Having established the correct method for evaluating hyperparameters, we now need to identify the optimal parameters. This is accomplished through a process known as 'Grid Search,' where we test every possible combination of parameters to determine which configuration yields the best cross-validation score. Below, we test three different values of `max_depth`, `min_samples_split`, and `min_impurity_decrease` each for a total of $3 \times 3 \times 3 = 27$ combinations.  


In [None]:
for max_depth in [1,2,3]:
  for min_samples_split in [2,3,4]:
    for impurity in [0.00, 0.01, 0.02]:
      cv_acc = test_hyperparameter(X_train, y_train,
                                   max_depth = max_depth,
                                   min_samples_split = min_samples_split,
                                   min_impurity_decrease = impurity)
      print(f"max_depth: {max_depth}, min_samples_split: {min_samples_split}, min_impurity_decrease: {impurity}, cv_acc: {cv_acc:.3f}")

After finding the best set of parameters, we then train the model on *all* the training data and do our final evaluation:

---

##### **Q6: What set of parameters had the best CV accuracy? Train a model using these parameters using the entire training set. Report the training and testing accuracy.**

*Your Answer Here*

In [None]:
## Your Code Here

---



## Graded Questions


---

##### **GQ1: Read in the heart failures dataset (`hf_data_tut.csv`) (1pt). Split the predictor variables (features) from the labels (response variable) (1pt), and create a training and testing set (1pt). **

> HINT: Look at your work from Week 3 and 5.



In [None]:
## Your Code Here

import pandas as pd
#import the data set

#assign a portion of the data to the response variable
y = ...

#assign a portion of the data as predictor variables
X = ...

#create traning and testing data subsets



---
##### **GQ2: Train a decision tree of Depth 2 and visualize the tree (1pt). What feature is used in the root node (1pt)? How many leaves does the tree have (1pt)?**

In [None]:
## Your Code Here
import matplotlib.pyplot as plt
from sklearn.tree import plot_tree

# Setup decision tree, specify the depth
dt = ...

# fit your data to the decison tree

# plot your decision tree

# increase figure size

# run the plot_tree command


*Your Answer Here*

---
##### **GQ3: Print the testing and training accuracy of the model above (1pt). Do you think the model is under or overfitting (or neither) and why (2pt)?**

In [None]:
## Your Code Here

train_pred = ...
test_pred = ...
train_accuracy = ...
test_accuracy = ...
print(f"Train Accuracy: {train_accuracy:.3f}")
print(f"Test Accuracy: {test_accuracy:.3f}")

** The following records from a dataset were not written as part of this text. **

(* For all $n\ge0$, $$r_n=2^n+\sum_{k=1}^{n-1}2^k\,c(n,k),$$ where $c(n,k)$ denotes the number of Young diagrams fitting in the staircase shape $(n,n-1,\dots,1)$ that have exactly $k$ corners $(i,j)$ with $i+j<n+1$.
   Context: The (large) Schröder numbers are defined by $r_0=1$ and $r_n=r_{n-1}+\sum_{i=0}^{n-1}r_ir_{n-1-i}$ for $n\ge1$. Young diagrams are in English notation: the diagram of a partition $\lambda$ is the set of cells $(i,j)$ with $1\le j\le\lambda_i$; it fits in $(n,n-1,\dots,1)$ if $\lambda_i\le n+1-i$ for all $i$. A corner is a cell $(i,j)$ of the diagram such that neither $(i+1,j)$ nor $(i,j+1)$ belongs to the diagram. (For $n=0$ and $n=1$ the sum is empty.) *)

theory Defs
  imports Main
begin

fun schroeder :: "nat \<Rightarrow> nat" where
  "schroeder 0 = 1"
| "schroeder (Suc m) = schroeder m + (\<Sum>i\<le>m. schroeder i * schroeder (m - i))"

text \<open>A partition is a list of positive, weakly decreasing parts; lam ! (i-1) is the
  i-th part lambda_i (rows indexed from 1).\<close>
definition is_partition :: "nat list \<Rightarrow> bool" where
  "is_partition lam \<longleftrightarrow> sorted_wrt (\<ge>) lam \<and> (\<forall>x\<in>set lam. 0 < x)"

definition young_diagram :: "nat list \<Rightarrow> (nat \<times> nat) set" where
  "young_diagram lam = {(i, j). 1 \<le> i \<and> i \<le> length lam \<and> 1 \<le> j \<and> j \<le> lam ! (i - 1)}"

definition fits_staircase :: "nat \<Rightarrow> nat list \<Rightarrow> bool" where
  "fits_staircase n lam \<longleftrightarrow> is_partition lam \<and>
     (\<forall>i. 1 \<le> i \<and> i \<le> length lam \<longrightarrow> int (lam ! (i - 1)) \<le> int n + 1 - int i)"

definition corners :: "nat list \<Rightarrow> (nat \<times> nat) set" where
  "corners lam = {(i, j) \<in> young_diagram lam.
      (i + 1, j) \<notin> young_diagram lam \<and> (i, j + 1) \<notin> young_diagram lam}"

definition c_count :: "nat \<Rightarrow> nat \<Rightarrow> nat" where
  "c_count n k = card {lam. fits_staircase n lam \<and>
      card {(i, j) \<in> corners lam. i + j < n + 1} = k}"

end

theory Submission
  imports Defs
begin

(* Weight a diagram in the staircase (n, ..., 1) by x ^ (number of its inner corners) and let
   W_x(n, b) be the total weight of the diagrams whose first part is at most b.  Deleting the
   first row maps the diagrams with first part a bijectively onto the diagrams in the staircase
   (n - 1, ..., 1) with first part at most a, and the first row carries an inner corner exactly
   when a < n and the second part is smaller than a.  For x = 2 this turns W_2 into a count of
   Schroeder lattice paths, W(n+1, b+1) = W(n+1, b) + W(n, b) + W(n, b+1) below the diagonal,
   and splitting such a path at its last diagonal point gives Schroeder's recurrence for W(n, n).
   For x = 0 only diagrams without inner corners count, and W_0(n, n) doubles with n. *)

(* P n b, for b \<le> n, counts the paths from (0, 0) to (n, b) with steps (1, 0), (0, 1), (1, 1)
   that never rise above the diagonal. *)
locale schroeder_grid =
  fixes P :: "nat \<Rightarrow> nat \<Rightarrow> nat"
  assumes P_0: "P n 0 = 1"
    and P_Suc_Suc: "c < m \<Longrightarrow> P (Suc m) (Suc c) = P (Suc m) c + P m c + P m (Suc c)"
    and P_diag: "P (Suc m) (Suc m) = P (Suc m) m + P m m"
begin
(* Let $x\in\mathbb{R}^n$ have positive entries with $\max_{i,j}x_i/x_j\le b$, and let $y\in\mathbb{R}^n$ be nonnegative and nonzero. Then $$D(x,y)\le\min\left(1+\sqrt n,\,1+\sqrt b\right)\sqrt2\,\sin(x,y).$$
   Context: $\sin(x,y)$ is the sine of the angle between $x$ and $y$, and $$D(x,y)=\frac{\left\|\frac{y}{\|y\|_1}-\frac{x}{\|x\|_1}\right\|_2}{\left\|\frac{y}{\|y\|_1}\right\|_2}.$$ *)

theory Defs
  imports "HOL-Analysis.Analysis"
begin

definition l1norm :: "real ^ 'n \<Rightarrow> real" where
  "l1norm x = (\<Sum>i\<in>UNIV. \<bar>x $ i\<bar>)"

definition vec_angle :: "real ^ 'n \<Rightarrow> real ^ 'n \<Rightarrow> real" where
  "vec_angle x y = arccos ((x \<bullet> y) / (norm x * norm y))"

definition sin_angle :: "real ^ 'n \<Rightarrow> real ^ 'n \<Rightarrow> real" where
  "sin_angle x y = sin (vec_angle x y)"

definition Dist :: "real ^ 'n \<Rightarrow> real ^ 'n \<Rightarrow> real" where
  "Dist x y = norm ((1 / l1norm y) *\<^sub>R y - (1 / l1norm x) *\<^sub>R x) / norm ((1 / l1norm y) *\<^sub>R y)"

end

theory Submission
  imports Defs
begin

text \<open>
  Normalise \<open>x\<close> and \<open>y\<close> to unit vectors \<open>X\<close> and \<open>Y\<close>; both \<open>D\<close> and the sine are
  scale invariant. With \<open>k = \<parallel>Y\<parallel>\<^sub>1 / \<parallel>X\<parallel>\<^sub>1\<close> one has \<open>D = \<parallel>Y - k X\<parallel> \<le> \<parallel>Y - X\<parallel> + \<bar>1 - k\<bar>\<close>, and
  \<open>\<bar>1 - k\<bar> = \<bar>\<Sum>\<^sub>i (X - Y)\<^sub>i\<bar> / \<parallel>X\<parallel>\<^sub>1\<close>. That coordinate sum is at most \<open>\<surd>n \<parallel>X - Y\<parallel>\<close> by
  Cauchy-Schwarz against the all-ones vector, and at most \<open>\<surd>b \<parallel>X - Y\<parallel> \<parallel>X\<parallel>\<^sub>1\<close> by
  Cauchy-Schwarz with weights \<open>X\<^sub>i\<close>; since \<open>\<parallel>X\<parallel>\<^sub>1 \<ge> 1\<close> either way \<open>\<bar>1 - k\<bar> \<le> K \<parallel>Y - X\<parallel>\<close>.
  Finally \<open>\<parallel>Y - X\<parallel>\<^sup>2 = 2 - 2c \<le> 2 (1 - c\<^sup>2) = 2 sin\<^sup>2\<close> for \<open>c = cos \<in> [0, 1]\<close>.
\<close>

lemma l1norm_scaleR: "l1norm (c *\<^sub>R x) = \<bar>c\<bar> * l1norm x"
  by (simp add: l1norm_def abs_mult sum_distrib_left)

lemma l1norm_eq_sum: "(\<And>i. x $ i \<ge> 0) \<Longrightarrow> l1norm x = (\<Sum>i\<in>UNIV. x $ i)"
  by (simp add: l1norm_def)

lemma norm_le_l1norm: "norm x \<le> l1norm x"
  unfolding l1norm_def by (rule norm_le_l1_cart)

lemma abs_sum_le_sqrt_card_norm:
  "\<bar>\<Sum>i\<in>UNIV. (w :: real ^ 'n) $ i\<bar> \<le> sqrt (real CARD('n)) * norm w"
proof -
  have "(\<Sum>i\<in>UNIV. w $ i) = w \<bullet> (\<chi> i. 1)" by (simp add: inner_vec_def)
  moreover have "norm ((\<chi> i. 1) :: real ^ 'n) = sqrt (real CARD('n))"
    by (simp add: norm_vec_def L2_set_def)
  ultimately show ?thesis
    using Cauchy_Schwarz_ineq2[of w "\<chi> i. 1"] by (simp add: mult.commute)
qed

lemma sum_abs_sq_le_weighted:
  fixes w x :: "real ^ 'n"
  assumes "\<And>i. x $ i > 0"
  shows "(\<Sum>i\<in>UNIV. \<bar>w $ i\<bar>)\<^sup>2 \<le> (\<Sum>i\<in>UNIV. x $ i) * (\<Sum>i\<in>UNIV. (w $ i)\<^sup>2 / x $ i)"
proof -
  define p :: "real ^ 'n" where "p = (\<chi> i. sqrt (x $ i))"
  define q :: "real ^ 'n" where "q = (\<chi> i. \<bar>w $ i\<bar> / sqrt (x $ i))"
  have "x $ i \<noteq> 0" for i using assms[of i] by simp
  then have "p \<bullet> q = (\<Sum>i\<in>UNIV. \<bar>w $ i\<bar>)"
    using assms by (simp add: p_def q_def inner_vec_def less_imp_le)
  moreover have "p \<bullet> p = (\<Sum>i\<in>UNIV. x $ i)"
    using assms by (simp add: p_def inner_vec_def less_imp_le)
  moreover have "q \<bullet> q = (\<Sum>i\<in>UNIV. (w $ i)\<^sup>2 / x $ i)"
    using assms by (auto simp: q_def inner_vec_def less_imp_le power2_eq_square intro!: sum.cong)
  ultimately show ?thesis
    using Cauchy_Schwarz_ineq[of p q] by simp
qed

lemma abs_sum_mult_norm_le_sqrt_ratio:
  fixes w x :: "real ^ 'n"
  assumes pos: "\<And>i. x $ i > 0" and ratio: "\<And>i j. x $ i / x $ j \<le> b"
  shows "\<bar>\<Sum>i\<in>UNIV. w $ i\<bar> * norm x \<le> sqrt b * norm w * (\<Sum>i\<in>UNIV. x $ i)"
proof -
  define S where "S = (\<Sum>i\<in>UNIV. x $ i)"
  obtain j where min: "\<And>i. x $ j \<le> x $ i"
    using ex_min_if_finite[of "range (($) x)"] by (auto simp: not_less)
  define m where "m = x $ j"
  have "m > 0" using pos by (simp add: m_def)
  have "0 < b" using ratio[of j j] pos[of j] by simp
  have "S \<ge> 0" unfolding S_def using pos by (simp add: sum_nonneg less_imp_le)
  have "x $ i \<le> b * m" for i
    using ratio[of i j] \<open>m > 0\<close> by (simp add: m_def divide_le_eq)
  then have "(norm x)\<^sup>2 \<le> (\<Sum>i\<in>UNIV. x $ i * (b * m))"
    using pos unfolding norm_vec_def L2_set_def
    by (simp add: sum_nonneg) (intro sum_mono, simp add: power2_eq_square less_imp_le)
  also have "\<dots> = b * m * S"
    by (metis S_def sum_distrib_right mult.commute)
  finally have norm_x: "(norm x)\<^sup>2 \<le> b * m * S" .
  have "(\<Sum>i\<in>UNIV. (w $ i)\<^sup>2 / x $ i) \<le> (\<Sum>i\<in>UNIV. (w $ i)\<^sup>2 / m)"
    using min pos \<open>m > 0\<close> by (intro sum_mono divide_left_mono) (auto simp: m_def)
  also have "\<dots> = (norm w)\<^sup>2 / m"
    by (simp add: norm_vec_def L2_set_def sum_divide_distrib[symmetric] sum_nonneg)
  finally have "(\<Sum>i\<in>UNIV. \<bar>w $ i\<bar>)\<^sup>2 \<le> S * ((norm w)\<^sup>2 / m)"
    using sum_abs_sq_le_weighted[OF pos, of w] \<open>S \<ge> 0\<close>
    unfolding S_def by (meson mult_left_mono order_trans)
  then have "(\<Sum>i\<in>UNIV. \<bar>w $ i\<bar>)\<^sup>2 * (norm x)\<^sup>2 \<le> S * ((norm w)\<^sup>2 / m) * (b * m * S)"
    using norm_x \<open>S \<ge> 0\<close> \<open>m > 0\<close> by (intro mult_mono) auto
  also have "\<dots> = (sqrt b * norm w * S)\<^sup>2"
    using \<open>m > 0\<close> \<open>b > 0\<close> by (simp add: power_mult_distrib) (simp add: power2_eq_square)
  finally have "((\<Sum>i\<in>UNIV. \<bar>w $ i\<bar>) * norm x)\<^sup>2 \<le> (sqrt b * norm w * S)\<^sup>2"
    by (simp add: power_mult_distrib)
  moreover have "0 \<le> sqrt b * norm w * S" using \<open>b > 0\<close> \<open>S \<ge> 0\<close> by simp
  ultimately have "(\<Sum>i\<in>UNIV. \<bar>w $ i\<bar>) * norm x \<le> sqrt b * norm w * S"
    by (rule power2_le_imp_le)
  moreover have "\<bar>\<Sum>i\<in>UNIV. w $ i\<bar> * norm x \<le> (\<Sum>i\<in>UNIV. \<bar>w $ i\<bar>) * norm x"
    by (rule mult_right_mono[OF sum_abs]) simp
  ultimately show ?thesis unfolding S_def by linarith
qed

lemma Dist_scaleR:
  assumes "c > 0" "d > 0"
  shows "Dist (c *\<^sub>R x) (d *\<^sub>R y) = Dist x y"
  using assms by (simp add: Dist_def l1norm_scaleR)

lemma sin_angle_scaleR:
  assumes "c > 0" "d > 0"
  shows "sin_angle (c *\<^sub>R x) (d *\<^sub>R y) = sin_angle x y"
  using assms by (simp add: sin_angle_def vec_angle_def)

lemma Dist_unit_le:
  fixes x y :: "real ^ 'n"
  assumes "norm x = 1" "norm y = 1" "\<And>i. x $ i \<ge> 0" "\<And>i. y $ i \<ge> 0"
  shows "Dist x y \<le> norm (y - x) + \<bar>\<Sum>i\<in>UNIV. (x - y) $ i\<bar> / l1norm x"
proof -
  define k where "k = l1norm y / l1norm x"
  have "l1norm x \<ge> 1" "l1norm y \<ge> 1"
    using norm_le_l1norm[of x] norm_le_l1norm[of y] assms(1,2) by auto
  then have "Dist x y = norm (l1norm y *\<^sub>R ((1 / l1norm y) *\<^sub>R y - (1 / l1norm x) *\<^sub>R x))"
    using assms(2) by (simp add: Dist_def divide_inverse mult.commute)
  also have "\<dots> = norm ((y - x) + (1 - k) *\<^sub>R x)"
    using \<open>l1norm y \<ge> 1\<close> by (simp add: k_def scaleR_diff_right algebra_simps)
  also have "\<dots> \<le> norm (y - x) + \<bar>1 - k\<bar>"
    using norm_triangle_ineq[of "y - x" "(1 - k) *\<^sub>R x"] assms(1) by simp
  also have "1 - k = (\<Sum>i\<in>UNIV. (x - y) $ i) / l1norm x"
    using \<open>l1norm x \<ge> 1\<close> assms(3,4)
    by (simp add: k_def l1norm_eq_sum sum_subtractf field_simps)
  finally show ?thesis using \<open>l1norm x \<ge> 1\<close> by simp
qed

lemma abs_inner_div_norms_le_1: "\<bar>(x \<bullet> y) / (norm x * norm y)\<bar> \<le> 1"
proof (cases "x = 0 \<or> y = 0")
  case False
  then show ?thesis
    using Cauchy_Schwarz_ineq2[of x y] by (simp add: abs_divide abs_mult divide_le_eq_1)
qed auto

lemma sin_angle_eq: "sin_angle x y = sqrt (1 - ((x \<bullet> y) / (norm x * norm y))\<^sup>2)"
  unfolding sin_angle_def vec_angle_def by (rule sin_arccos_abs[OF abs_inner_div_norms_le_1])

lemma norm_diff_le_sqrt2_sin_angle:
  fixes x y :: "real ^ 'n"
  assumes "norm x = 1" "norm y = 1" "x \<bullet> y \<ge> 0"
  shows "norm (y - x) \<le> sqrt 2 * sin_angle x y"
proof -
  define c where "c = x \<bullet> y"
  have "c \<le> 1" using norm_cauchy_schwarz[of x y] assms by (simp add: c_def)
  have "x \<bullet> x = 1" "y \<bullet> y = 1" using assms(1,2) by (simp_all add: dot_square_norm)
  then have "(norm (y - x))\<^sup>2 = 2 - 2 * c"
    by (simp add: power2_norm_eq_inner inner_diff_left inner_diff_right inner_commute c_def)
  then have "norm (y - x) = sqrt (2 - 2 * c)" by (simp add: real_sqrt_unique)
  also have "\<dots> \<le> sqrt (2 * (1 - c\<^sup>2))"
    using assms(3) \<open>c \<le> 1\<close> by (simp add: c_def power2_eq_square mult_left_le)
  also have "\<dots> = sqrt 2 * sin_angle x y"
    using assms(1,2) by (simp add: sin_angle_eq c_def real_sqrt_mult[symmetric] right_diff_distrib)
  finally show ?thesis .
qed

lemma Dist_unit_le_mult_sin_angle:
  fixes x y :: "real ^ 'n"
  assumes "norm x = 1" "norm y = 1" "\<And>i. x $ i \<ge> 0" "\<And>i. y $ i \<ge> 0" "K \<ge> 0"
    and "\<bar>\<Sum>i\<in>UNIV. (x - y) $ i\<bar> \<le> K * norm (x - y) * l1norm x"
  shows "Dist x y \<le> (1 + K) * sqrt 2 * sin_angle x y"
proof -
  have "l1norm x \<ge> 1" using norm_le_l1norm[of x] assms(1) by simp
  with assms(6) have "\<bar>\<Sum>i\<in>UNIV. (x - y) $ i\<bar> / l1norm x \<le> K * norm (y - x)"
    by (simp add: divide_le_eq norm_minus_commute)
  then have "Dist x y \<le> (1 + K) * norm (y - x)"
    using Dist_unit_le[OF assms(1-4)] by (simp add: algebra_simps)
  also have "x \<bullet> y \<ge> 0"
    unfolding inner_vec_def using assms(3,4) by (simp add: sum_nonneg)
  then have "(1 + K) * norm (y - x) \<le> (1 + K) * (sqrt 2 * sin_angle x y)"
    using norm_diff_le_sqrt2_sin_angle[OF assms(1,2)] assms(5) by (intro mult_left_mono) auto
  finally show ?thesis by (simp add: mult.assoc)
qed

theorem lemmaA4:
  fixes x y :: "real ^ 'n" and b :: real
  assumes "\<forall>i. x $ i > 0"
    and "\<forall>i j. x $ i / x $ j \<le> b"
    and "\<forall>i. y $ i \<ge> 0"
    and "y \<noteq> 0"
  shows "Dist x y \<le> min (1 + sqrt (real CARD('n))) (1 + sqrt b) * sqrt 2 * sin_angle x y"
proof -
  have "x \<noteq> 0" using assms(1) by (metis less_irrefl zero_index)
  define X where "X = (1 / norm x) *\<^sub>R x"
  define Y where "Y = (1 / norm y) *\<^sub>R y"
  have X: "norm X = 1" "\<And>i. X $ i > 0" "\<And>i j. X $ i / X $ j \<le> b"
    using \<open>x \<noteq> 0\<close> assms(1,2) by (simp_all add: X_def)
  have Y: "norm Y = 1" "\<And>i. Y $ i \<ge> 0"
    using assms(3,4) by (simp_all add: Y_def)
  have scale: "Dist x y = Dist X Y" "sin_angle x y = sin_angle X Y"
    using \<open>x \<noteq> 0\<close> assms(4) by (simp_all add: X_def Y_def Dist_scaleR sin_angle_scaleR)
  note unit_bound = Dist_unit_le_mult_sin_angle[OF X(1) Y(1) less_imp_le[OF X(2)] Y(2)]
  have "l1norm X \<ge> 1" using norm_le_l1norm[of X] X(1) by simp
  have "b \<ge> 1" using X(2)[of undefined] X(3)[of undefined undefined] by simp
  have "Dist X Y \<le> (1 + sqrt (real CARD('n))) * sqrt 2 * sin_angle X Y"
    using \<open>l1norm X \<ge> 1\<close> by (intro unit_bound order_trans[OF abs_sum_le_sqrt_card_norm])
      (auto simp: mult_le_cancel_left1 mult_less_0_iff)
  moreover have "Dist X Y \<le> (1 + sqrt b) * sqrt 2 * sin_angle X Y"
    using abs_sum_mult_norm_le_sqrt_ratio[OF X(2,3), of "X - Y"] X(1) \<open>b \<ge> 1\<close>
    by (intro unit_bound) (simp_all add: l1norm_eq_sum less_imp_le X(2))
  ultimately show ?thesis unfolding scale
    by (cases "1 + sqrt (real CARD('n)) \<le> 1 + sqrt b") (simp_all only: min_def if_True if_False)
qed

end
lemma scaled_sem_eq_child:
  assumes "u \<in> inodes Q1" "ind Q1 u = p" "p < n" "j \<le> p" "k < 4"
    and "p < nind n Q2 v" and eq: "scaled_sem_eq n j a Q1 u b Q2 v"
  shows "scaled_sem_eq n (Suc p) (a * wt Q1 u k) Q1 (succ Q1 u k) b Q2 v"
  unfolding scaled_sem_eq_def
proof (intro allI impI)
  fix r c :: nat
  obtain r' c' where rc: "r' < 2 ^ n" "c' < 2 ^ n" "edge_index n p r' c' = k"
      "\<And>Q u. nsem n Q u (Suc p) r' c' = nsem n Q u (Suc p) r c"
    using exists_edge_selection[OF assms(3,5)] by metis
  have "a * wt Q1 u k * nsem n Q1 (succ Q1 u k) (Suc p) r c = a * nsem n Q1 u j r' c'"
    using nsem_node_below[OF assms(1-4)] rc(3,4) by simp
  also have "\<dots> = b * nsem n Q2 v j r' c'"
    using eq rc(1,2) by (simp add: scaled_sem_eq_def)
  also have "\<dots> = b * nsem n Q2 v (Suc p) r c"
    using nsem_skip[of j "Suc p" n Q2 v] assms(4,6) rc(4) by simp
  finally show "a * wt Q1 u k * nsem n Q1 (succ Q1 u k) (Suc p) r c = b * nsem n Q2 v (Suc p) r c" .
qed

lemma scaled_sem_eq_children:
  assumes "u \<in> inodes Q1" "ind Q1 u = p" "v \<in> inodes Q2" "ind Q2 v = p" "p < n" "j \<le> p" "k < 4"
    and eq: "scaled_sem_eq n j a Q1 u b Q2 v"
  shows "scaled_sem_eq n (Suc p) (a * wt Q1 u k) Q1 (succ Q1 u k) (b * wt Q2 v k) Q2 (succ Q2 v k)"
  unfolding scaled_sem_eq_def
proof (intro allI impI)
  fix r c :: nat
  obtain r' c' where rc: "r' < 2 ^ n" "c' < 2 ^ n" "edge_index n p r' c' = k"
      "\<And>Q u. nsem n Q u (Suc p) r' c' = nsem n Q u (Suc p) r c"
    using exists_edge_selection[OF assms(5,7)] by metis
  have "a * wt Q1 u k * nsem n Q1 (succ Q1 u k) (Suc p) r c = a * nsem n Q1 u j r' c'"
    using nsem_node_below[OF assms(1,2,5,6)] rc(3,4) by simp
  also have "\<dots> = b * nsem n Q2 v j r' c'"
    using eq rc(1,2) by (simp add: scaled_sem_eq_def)
  also have "\<dots> = b * wt Q2 v k * nsem n Q2 (succ Q2 v k) (Suc p) r c"
    using nsem_node_below[OF assms(3,4,5,6)] rc(3,4) by simp
  finally show "a * wt Q1 u k * nsem n Q1 (succ Q1 u k) (Suc p) r c =
      b * wt Q2 v k * nsem n Q2 (succ Q2 v k) (Suc p) r c" .
qed
definition nuclear_op ::
  "('a \<Rightarrow> complex) set \<Rightarrow> (('a \<Rightarrow> complex) \<Rightarrow> real) \<Rightarrow> ('b \<Rightarrow> complex) set \<Rightarrow> (('b \<Rightarrow> complex) \<Rightarrow> real)
   \<Rightarrow> (('a \<Rightarrow> complex) \<Rightarrow> ('b \<Rightarrow> complex)) \<Rightarrow> bool" where
  "nuclear_op E nE F nF T \<longleftrightarrow>
     (\<forall>x\<in>E. T x \<in> F) \<and>
     (\<forall>x\<in>E. \<forall>y\<in>E. T (\<lambda>t. x t + y t) = (\<lambda>t. T x t + T y t)) \<and>
     (\<forall>x\<in>E. \<forall>c::complex. T ((\<lambda>t. c * x t)) = (\<lambda>t. c * T x t)) \<and>
     (\<exists>C. \<forall>x\<in>E. nF (T x) \<le> C * nE x) \<and>
     (\<exists>(lam :: nat \<Rightarrow> complex) (xs :: nat \<Rightarrow> ('a \<Rightarrow> complex) \<Rightarrow> complex) (ys :: nat \<Rightarrow> 'b \<Rightarrow> complex) C.
        summable (\<lambda>n. cmod (lam n)) \<and>
        (\<forall>n. \<forall>x\<in>E. \<forall>y\<in>E. xs n (\<lambda>t. x t + y t) = xs n x + xs n y) \<and>
        (\<forall>n. \<forall>x\<in>E. \<forall>c. xs n (\<lambda>t. c * x t) = c * xs n x) \<and>
        (\<forall>n. \<forall>x\<in>E. cmod (xs n x) \<le> C * nE x) \<and>
        (\<forall>n. ys n \<in> F \<and> nF (ys n) \<le> C) \<and>
        (\<forall>x\<in>E. (\<lambda>K. nF (\<lambda>t. T x t - (\<Sum>n<K. lam n * xs n x * ys n t))) \<longlonglongrightarrow> 0))"

end

theory Submission
  imports Defs
begin

text \<open>Choose for every m a point P_m(\<omega>) of the shift space that shares its first m symbols with \<omega>
  and depends only on them. Then \<phi> is the limit of the telescoping series
  \<phi> \<circ> P_0 + \<Sum>_n (\<phi> \<circ> P_(n+1) - \<phi> \<circ> P_n), and the n-th increment is a sum over the N^(n+1)
  cylinders of length n+1 of a number of size at most [\<phi>]_\<theta> \<theta>^n times the indicator of the cylinder.
  Writing that number as (\<theta>/\<theta>')^n \<cdot> x(\<phi>) \<cdot> \<theta>'^n exhibits the inclusion as \<Sum> \<lambda>_i x_i \<otimes> y_i with
  functionals x_i of norm at most \<parallel>\<phi>\<parallel>_\<theta>, vectors y_i = \<theta>'^n times a cylinder indicator, of
  F_\<theta>'-norm at most 2, and weights (\<theta>/\<theta>')^n. Level n contributes N^(n+1) (\<theta>/\<theta>')^n to \<Sum> |\<lambda>_i|,
  which is therefore finite as N\<theta> < \<theta>'; and a partial sum ending inside level n still samples \<phi> within
  n-cylinders, so it is (\<theta>/\<theta>')^n-close to \<phi> in F_\<theta>'.\<close>

lemma dtheta_pos: "0 < \<theta> \<Longrightarrow> \<omega> \<noteq> \<omega>' \<Longrightarrow> 0 < dtheta \<theta> \<omega> \<omega>'"
  unfolding dtheta_def by simp

lemma dtheta_le_ratio:
  assumes "0 < \<theta>" "\<theta> \<le> \<theta>'" "\<omega> \<noteq> \<omega>'" "\<forall>j<m. \<omega> j = \<omega>' j"
  shows "dtheta \<theta> \<omega> \<omega>' \<le> (\<theta> / \<theta>') ^ m * dtheta \<theta>' \<omega> \<omega>'"
proof -
  define l where "l = (LEAST l. \<omega> l \<noteq> \<omega>' l)"
  have "\<exists>l. \<omega> l \<noteq> \<omega>' l" using assms(3) by auto
  then have "\<omega> l \<noteq> \<omega>' l" unfolding l_def by (rule LeastI_ex)
  then have "m \<le> l" using assms(4) by (meson not_le)
  have "\<theta> ^ l = (\<theta> / \<theta>') ^ l * \<theta>' ^ l" using assms by (simp add: power_divide)
  also have "\<dots> \<le> (\<theta> / \<theta>') ^ m * \<theta>' ^ l"
    using assms \<open>m \<le> l\<close> by (intro mult_right_mono power_decreasing) auto
  finally show ?thesis using assms(3) unfolding dtheta_def l_def by simp
qed

lemma dtheta_le_power:
  assumes "0 < \<theta>" "\<theta> \<le> 1" "\<forall>j<m. \<omega> j = \<omega>' j"
  shows "dtheta \<theta> \<omega> \<omega>' \<le> \<theta> ^ m"
proof (cases "\<omega> = \<omega>'")
  case False
  from dtheta_le_ratio[OF assms(1,2) False assms(3)] False show ?thesis
    by (simp add: dtheta_def)
qed (use assms in \<open>simp add: dtheta_def\<close>)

Train Acc is significantly higher than test accuracy, therefore the model is probably overfitting.

---


## Conclusion


In conclusion, decision trees are powerful and intuitive tools in machine learning, offering both flexibility and interpretability. By iteratively splitting data based on feature values, decision trees can model complex relationships and make predictions for both classification and regression tasks. Additionally, their ability to be visualized and easily interpreted makes them a valuable analytical tool.

However, with this flexibility comes the risk of overfitting, where the model becomes too tailored to the training data and loses its ability to generalize to new data. To prevent this, various parameters can be tested using K-Fold Cross Validation to find the best configuration. With this knowledge, you can confidently apply ML to a wide range of problems, making them a valuable tool in your machine learning toolkit.